Rate increases are scheduled to take effect November 1, 2016.
According to news sources, premiums are expected to increase by 83%, on average. Some Members of Congress have expressed their concerns to OPM leadership and John Hancock about such dramatic increases, calling for more time for enrollees to assess options as well as for congressional hearings on the issue.

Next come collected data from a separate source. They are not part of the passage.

(* Fix a time $t\ge0$, a multiplier $\lambda\ge0$, and a differentiable parametric policy $\pi_\theta(a\mid x)$ with $\pi_\theta(a\mid x)>0$ implying $\pi_0(a\mid x)>0$ (common support), and assume $L$ and $C$ are conditionally independent given $(x,a)$. Let $c(x,a)$ be a known cost function, $\hat\pi_0,\hat G,\hat S$ fixed (not depending on $\mathcal{D}$) models with $\hat G(t\mid x,a)>0$ and $\hat\pi_0(a\mid x)>0$ whenever $\pi_\theta(a\mid x)>0$, and $\hat w'(x,a)=\pi_\theta(a\mid x)/\hat\pi_0(a\mid x)$. Define $$\widehat{\nabla_\theta L}_{\mathrm{IPCW\text{-}IPS}}=\frac1n\sum_{i=1}^n \hat w'(x_i,a_i)\Big(\frac{\mathbb{I}\{T_i>t\}}{\hat G(t\mid x_i,a_i)}-\lambda c(x_i,a_i)\Big)\nabla_\theta\log\pi_\theta(a_i\mid x_i),$$ $$\widehat{\nabla_\theta L}_{\mathrm{IPCW\text{-}DR}}=\frac1n\sum_{i=1}^n\Big(\hat w'(x_i,a_i)\Big(\frac{\mathbb{I}\{T_i>t\}}{\hat G(t\mid x_i,a_i)}-\hat S(x_i,a_i,t)\Big)\nabla_\theta\log\pi_\theta(a_i\mid x_i)+\sum_{a\in\mathcal{A}}\pi_\theta(a\mid x_i)\big(\hat S(x_i,a,t)-\lambda c(x_i,a)\big)\nabla_\theta\log\pi_\theta(a\mid x_i)\Big).$$ Let $R_\lambda(x,a,t)=S(x,a,t)-\lambda c(x,a)$ and $g(\theta)=\mathbb{E}_{p(x)\pi_\theta(a\mid x)}[R_\lambda(x,a,t)\nabla_\theta\log\pi_\theta(a\mid x)]$ (the Lagrangian policy gradient $\nabla_\theta L(\pi_\theta,t,\lambda)$). Suppose $\hat G(t\mid x,a)=G(t\mid x,a)$ for all $x,a$. Then $\mathbb{E}_{\mathcal{D}}[\widehat{\nabla_\theta L}_{\mathrm{IPCW\text{-}IPS}}]=g(\theta)$ if $\hat\pi_0=\pi_0$, and $\mathbb{E}_{\mathcal{D}}[\widehat{\nabla_\theta L}_{\mathrm{IPCW\text{-}DR}}]=g(\theta)$ if either $\hat\pi_0=\pi_0$ or $\hat S(x,a,t)=S(x,a,t)$ for all $x,a$.
   Context: Let $\mathcal{X}$ be a context space and $\mathcal{A}$ a finite action set. A policy $\pi(a\mid x)$ is a conditional distribution over $\mathcal{A}$ given $x$. The logged data $\mathcal{D}=\{(x_i,a_i,T_i,r_i)\}_{i=1}^n$ consists of $n$ i.i.d. draws generated by $(x,a,L,C)\sim p(x)\pi_0(a\mid x)p(L,C\mid x,a)$ for a logging policy $\pi_0$, where $L\ge0$ is the latent survival time, $C\ge0$ the censoring time, and only $T=\min\{L,C\}$ and $r=\mathbb{I}\{L\le C\}$ are observed. Define $S(x,a,t)=P(L>t\mid x,a)$, $G(t\mid x,a)=P(C>t\mid x,a)$, $V(\pi,t)=\mathbb{E}_{p(x)\pi(a\mid x)}[S(x,a,t)]$, the expected cost $C(\pi)=\mathbb{E}_{p(x)\pi(a\mid x)}[c(x,a)]$, and for a budget $B$ the Lagrangian $L(\pi_\theta,t,\lambda)=V(\pi_\theta,t)-\lambda(C(\pi_\theta)-B)$. *)

theory Defs
  imports "HOL-Probability.Probability"
begin

text \<open>
  The conditional law of the
  latent pair (L, C) given (x, a) is a kernel K x a on real x real.
  An observed sample is (x, a, T, r) with T = min L C and r = (L <= C).
\<close>

type_synonym ('x, 'a) obs = "'x \<times> 'a \<times> real \<times> bool"

definition obs_space :: "'x measure \<Rightarrow> ('x, 'a) obs measure" where
  "obs_space px = px \<Otimes>\<^sub>M (count_space UNIV \<Otimes>\<^sub>M (borel \<Otimes>\<^sub>M count_space UNIV))"

definition sample_dist ::
  "'x measure \<Rightarrow> ('x \<Rightarrow> 'a pmf) \<Rightarrow> ('x \<Rightarrow> 'a \<Rightarrow> (real \<times> real) measure) \<Rightarrow> ('x, 'a) obs measure" where
  "sample_dist px pi0 K =
     px \<bind> (\<lambda>x. measure_pmf (pi0 x) \<bind>
        (\<lambda>a. distr (K x a) (obs_space px) (\<lambda>(l, c). (x, a, min l c, l \<le> c))))"

definition data_dist ::
  "nat \<Rightarrow> 'x measure \<Rightarrow> ('x \<Rightarrow> 'a pmf) \<Rightarrow> ('x \<Rightarrow> 'a \<Rightarrow> (real \<times> real) measure) \<Rightarrow> (nat \<Rightarrow> ('x, 'a) obs) measure" where
  "data_dist n px pi0 K = PiM {..<n} (\<lambda>_. sample_dist px pi0 K)"

definition surv :: "('x \<Rightarrow> 'a \<Rightarrow> (real \<times> real) measure) \<Rightarrow> 'x \<Rightarrow> 'a \<Rightarrow> real \<Rightarrow> real" where
  "surv K x a t = measure (K x a) {z. fst z > t}"

definition cens_surv :: "('x \<Rightarrow> 'a \<Rightarrow> (real \<times> real) measure) \<Rightarrow> real \<Rightarrow> 'x \<Rightarrow> 'a \<Rightarrow> real" where
  "cens_surv K t x a = measure (K x a) {z. snd z > t}"

definition score :: "('p::euclidean_space \<Rightarrow> 'x \<Rightarrow> 'a pmf) \<Rightarrow> 'p \<Rightarrow> 'x \<Rightarrow> 'a \<Rightarrow> 'p" where
  "score pol \<theta> x a =
     (SOME v. ((\<lambda>\<theta>'. ln (pmf (pol \<theta>' x) a)) has_derivative (\<lambda>h. v \<bullet> h)) (at \<theta>))"

definition ipcw_ips_term ::
  "('p::euclidean_space \<Rightarrow> 'x \<Rightarrow> 'a pmf) \<Rightarrow> 'p \<Rightarrow> ('x \<Rightarrow> 'a pmf) \<Rightarrow> (real \<Rightarrow> 'x \<Rightarrow> 'a \<Rightarrow> real)
     \<Rightarrow> ('x \<Rightarrow> 'a \<Rightarrow> real) \<Rightarrow> real \<Rightarrow> real \<Rightarrow> ('x, 'a) obs \<Rightarrow> 'p" where
  "ipcw_ips_term pol \<theta> pihat0 Ghat c lam t d =
     (case d of (x, a, T, r) \<Rightarrow>
        (pmf (pol \<theta> x) a / pmf (pihat0 x) a) *\<^sub>R
        ((indicator {T. T > t} T / Ghat t x a - lam * c x a) *\<^sub>R score pol \<theta> x a))"

definition ipcw_dr_term ::
  "('p::euclidean_space \<Rightarrow> 'x \<Rightarrow> 'a::finite pmf) \<Rightarrow> 'p \<Rightarrow> ('x \<Rightarrow> 'a pmf) \<Rightarrow> (real \<Rightarrow> 'x \<Rightarrow> 'a \<Rightarrow> real)
     \<Rightarrow> ('x \<Rightarrow> 'a \<Rightarrow> real \<Rightarrow> real) \<Rightarrow> ('x \<Rightarrow> 'a \<Rightarrow> real) \<Rightarrow> real \<Rightarrow> real \<Rightarrow> ('x, 'a) obs \<Rightarrow> 'p" where
  "ipcw_dr_term pol \<theta> pihat0 Ghat Shat c lam t d =
     (case d of (x, a, T, r) \<Rightarrow>
        (pmf (pol \<theta> x) a / pmf (pihat0 x) a) *\<^sub>R
          ((indicator {T. T > t} T / Ghat t x a - Shat x a t) *\<^sub>R score pol \<theta> x a)
        + (\<Sum>b\<in>UNIV. pmf (pol \<theta> x) b *\<^sub>R ((Shat x b t - lam * c x b) *\<^sub>R score pol \<theta> x b)))"

definition emp_avg :: "nat \<Rightarrow> (('x, 'a) obs \<Rightarrow> 'p::real_vector) \<Rightarrow> (nat \<Rightarrow> ('x, 'a) obs) \<Rightarrow> 'p" where
  "emp_avg n f D = (1 / real n) *\<^sub>R (\<Sum>i<n. f (D i))"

Rate Stability and Long-Term Care Insurance
Federal workers are not the only policyholders to face LTCI premium increases. Over the past two decades, annual LTCI premiums have increased significantly overall for both current and new policyholders. Higher average premiums reflect increased demand for more comprehensive benefit packages (including inflation protection) and higher daily benefit amounts. Premium increases have also been driven by inadequate medical underwriting, premiums that were initially set too low, and insufficient growth in reserves to cover future claims. Thus, premium or rate stability depends largely on the ability of insurers to adequately predict future claims. Most policies issued before the mid-2000s have incorrectly predicted claims, necessitating changes to key pricing assumptions. For example, rising claims, lower mortality rates, lower-than-predicted voluntary termination (lapse) rates, and lower-than-predicted rates of return on investments have been cited as key reasons for LTCI premium increases. Nevertheless, large rate increases, such as those proposed by the FLTCIP, are likely to have a continued effect on consumer confidence in these products, possibly leading to further reductions in consumer demand.